During the Meiji era (1868-1912), Japan launched the reform movement of the Restoration and actively learned from the West. It was also a time when modern Japanese art movements emerged, including the Tenpyo Painting Society and the Hakuba Painting Society studied Western painting, as well as the New Japanese paintings of Taikan Yokoyama and Shunso Hishida who incorporated the light and airiness of Western painting, to shape new art in Japan. At the same time, the Chinese modern art movement was also underway; a large number of artists, such as Li Shutong, Gao Jianfu, Chen Shurin, Chen Baoyi, Wang Yuezhi, Chen Chengbo, Guan Liang, Xu Xingzhi, Fu Baoshi, Guan Zilan, Ni Yide, Wei Tianlin, Wang Shikou, Lai Xiongcai, and others studied or traveled to Japan, who in turn, injected intellectual vitality into the modernization and transformation of Chinese art. More and more studies show that the direction of knowledge transmission in the first half of the 20th century was not one-directional – from Japan to China but through multi-directional exchange and interaction between the two countries. Moreover, along with constructing a global historical perspective, stripping away the fog, the history of Sino-Japanese art exchanges in the 20th century will become increasingly diverse and critical.

On September 25, 1972, Japanese Prime Minister Kakuei Tanaka visited China, and the two sides issued the Sino-Japanese Joint Declaration, announcing the normalization of diplomatic relations between China and Japan and deciding to establish lasting peaceful and friendly relations between the two countries based on the Five Principles of Peaceful Coexistence. Since then, the all-around exchanges between China and Japan in politics, economy, culture, and education have entered a new historical phase. And since we entered the new century, exchanges in art education, creation, exhibition, and research have become more frequent, extensive, and in-depth, promoted by both the governments and the private sector.

Since 1989, Tokyo Gallery has organized a series of exhibitions of Chinese artists in Tokyo, including the first overseas exhibition of Chinese modern art, "Special Exhibition: Chinese Contemporary Artists Now," launched in July 1989, followed by solo exhibitions for artists such as Xu Bing, Cai Guoqiang, Huang Rui, Liu Wei, Wang Shuye, and others, as well as hosting the ten years and twenty years commemorative exhibition of the "Star Art Group," showing more than ten artists' works. In July 2002, Tokyo Gallery set up Beijing Tokyo Art Project space in 798 Art District and had since presented 126 exhibitions. If the gallery devoted its first five years to promoting contemporary Chinese art, the second five years introduced Mono-ha and other modern and contemporary Japanese art to China. The last ten years have been dedicated to “Neo-Moroism" in building new art forms grounded on universal visual understanding among East Asian Countries. In other words, Tokyo Gallery + BTAP has been promoting the exchange and interaction between Chinese and Japanese contemporary art for more than thirty years and has significantly contributed to the art exchange between China and Japan.
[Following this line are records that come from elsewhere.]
theorem lemma3p4:
  fixes m :: nat and f g h :: "real \<Rightarrow> real" and K :: "real set"
  assumes "m \<ge> 1"
    and "Cm m f" and "Cm m g" and "Cm m h"
    and "compact K"
  shows "\<exists>C>0. \<forall>\<alpha> I. modulus_of_continuity \<alpha> \<and> is_interval I \<and> K \<subseteq> I \<and>
           (\<forall>\<phi>\<in>{f, g}. \<forall>x\<in>I. \<forall>y\<in>I.
              \<bar>nderiv m \<phi> x - nderiv m \<phi> y\<bar> \<le> \<alpha> \<bar>x - y\<bar>
            \<and> \<bar>\<phi> y - taylor m \<phi> x y\<bar> \<le> \<alpha> \<bar>x - y\<bar> * \<bar>x - y\<bar> ^ m
            \<and> \<bar>deriv \<phi> y - deriv (taylor m \<phi> x) y\<bar> \<le> \<alpha> \<bar>x - y\<bar> * \<bar>x - y\<bar> ^ (m - 1))
         \<longrightarrow> (\<forall>a\<in>K. \<forall>b\<in>K.
               \<bar>Aarea m f g h b a\<bar> \<le> C * (\<bar>Aarea m f g h a b\<bar> + \<alpha> \<bar>b - a\<bar> * \<bar>b - a\<bar> ^ m))"
proof -
  obtain R where "R > 0" "\<forall>x\<in>K. norm x \<le> R"
    using compact_imp_bounded[OF \<open>compact K\<close>] unfolding bounded_pos by blast
  then have K_R: "K \<subseteq> {-R..R}"
    by (auto simp: abs_le_iff)
  obtain B where B: "\<forall>\<phi>\<in>{f, g}. \<forall>k\<le>m. \<forall>x\<in>{-R..R}. \<bar>nderiv k \<phi> x\<bar> \<le> B"
    using Cm_nderivs_bounded[of "{f, g}" m "{-R..R}"] \<open>Cm m f\<close> \<open>Cm m g\<close> by auto
  define C0 where "C0 = 8 * ((\<Sum>k\<le>m. B * (2 * R) ^ k) + B * (2 * R) + B)"
  show ?thesis
  proof (intro exI[of _ "max 1 C0"] conjI allI impI ballI)
    fix \<alpha> I a b
    assume H: "modulus_of_continuity \<alpha> \<and> is_interval I \<and> K \<subseteq> I \<and>
           (\<forall>\<phi>\<in>{f, g}. \<forall>x\<in>I. \<forall>y\<in>I.
              \<bar>nderiv m \<phi> x - nderiv m \<phi> y\<bar> \<le> \<alpha> \<bar>x - y\<bar>
            \<and> \<bar>\<phi> y - taylor m \<phi> x y\<bar> \<le> \<alpha> \<bar>x - y\<bar> * \<bar>x - y\<bar> ^ m
            \<and> \<bar>deriv \<phi> y - deriv (taylor m \<phi> x) y\<bar> \<le> \<alpha> \<bar>x - y\<bar> * \<bar>x - y\<bar> ^ (m - 1))"
      and "a \<in> K" "b \<in> K"
    then have nonneg: "\<forall>s\<ge>0. \<alpha> s \<ge> 0" and mono: "mono_on {0..} \<alpha>"
      by (simp_all add: modulus_of_continuity_def)
    have "\<bar>Aarea m f g h a b + Aarea m f g h b a\<bar> \<le> C0 * (\<alpha> \<bar>b - a\<bar> * \<bar>b - a\<bar> ^ m)"
      unfolding C0_def
    proof (rule Aarea_add_swap_le_modulus[OF \<open>m \<ge> 1\<close> mono nonneg _ _ _ _ _ _ B])
      show "\<forall>\<phi>\<in>{f, g}. \<forall>x\<in>I. \<forall>y\<in>I.
          \<bar>\<phi> y - taylor m \<phi> x y\<bar> \<le> \<alpha> \<bar>x - y\<bar> * \<bar>x - y\<bar> ^ m
        \<and> \<bar>deriv \<phi> y - deriv (taylor m \<phi> x) y\<bar> \<le> \<alpha> \<bar>x - y\<bar> * \<bar>x - y\<bar> ^ (m - 1)"
        using H by blast
    qed (use H \<open>a \<in> K\<close> \<open>b \<in> K\<close> K_R in auto)
    moreover have "C0 * (\<alpha> \<bar>b - a\<bar> * \<bar>b - a\<bar> ^ m) \<le> max 1 C0 * (\<alpha> \<bar>b - a\<bar> * \<bar>b - a\<bar> ^ m)"
      using nonneg by (intro mult_right_mono) auto
    moreover have "\<bar>Aarea m f g h a b\<bar> \<le> max 1 C0 * \<bar>Aarea m f g h a b\<bar>"
      by (simp add: mult_le_cancel_right1)
    ultimately show "\<bar>Aarea m f g h b a\<bar> \<le> max 1 C0 * (\<bar>Aarea m f g h a b\<bar> + \<alpha> \<bar>b - a\<bar> * \<bar>b - a\<bar> ^ m)"
      unfolding distrib_left by linarith
  qed simp
qed

end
Should there be a commonality among the artists in this exhibition, it would be their genuine portrayals of the landscape of their inner spirit. Regarding their practice, some artists rely on found historical images while adopting their recorded footage and photographs, or simply drawing from their memories and imagination, without deviating from focusing on human life here and now. They consider themselves as part of the world rather than in isolation. Through these works, the viewer would get a strong sense that the here and now is a transient moment in life, where everything is fragile, and even the most rigid material would dissipate; however, the solidity and eternal quality of time and life, and the fleeting feelings these artists rendered are encapsulated in their works of art. They will pass on as images of history, thriving in silence.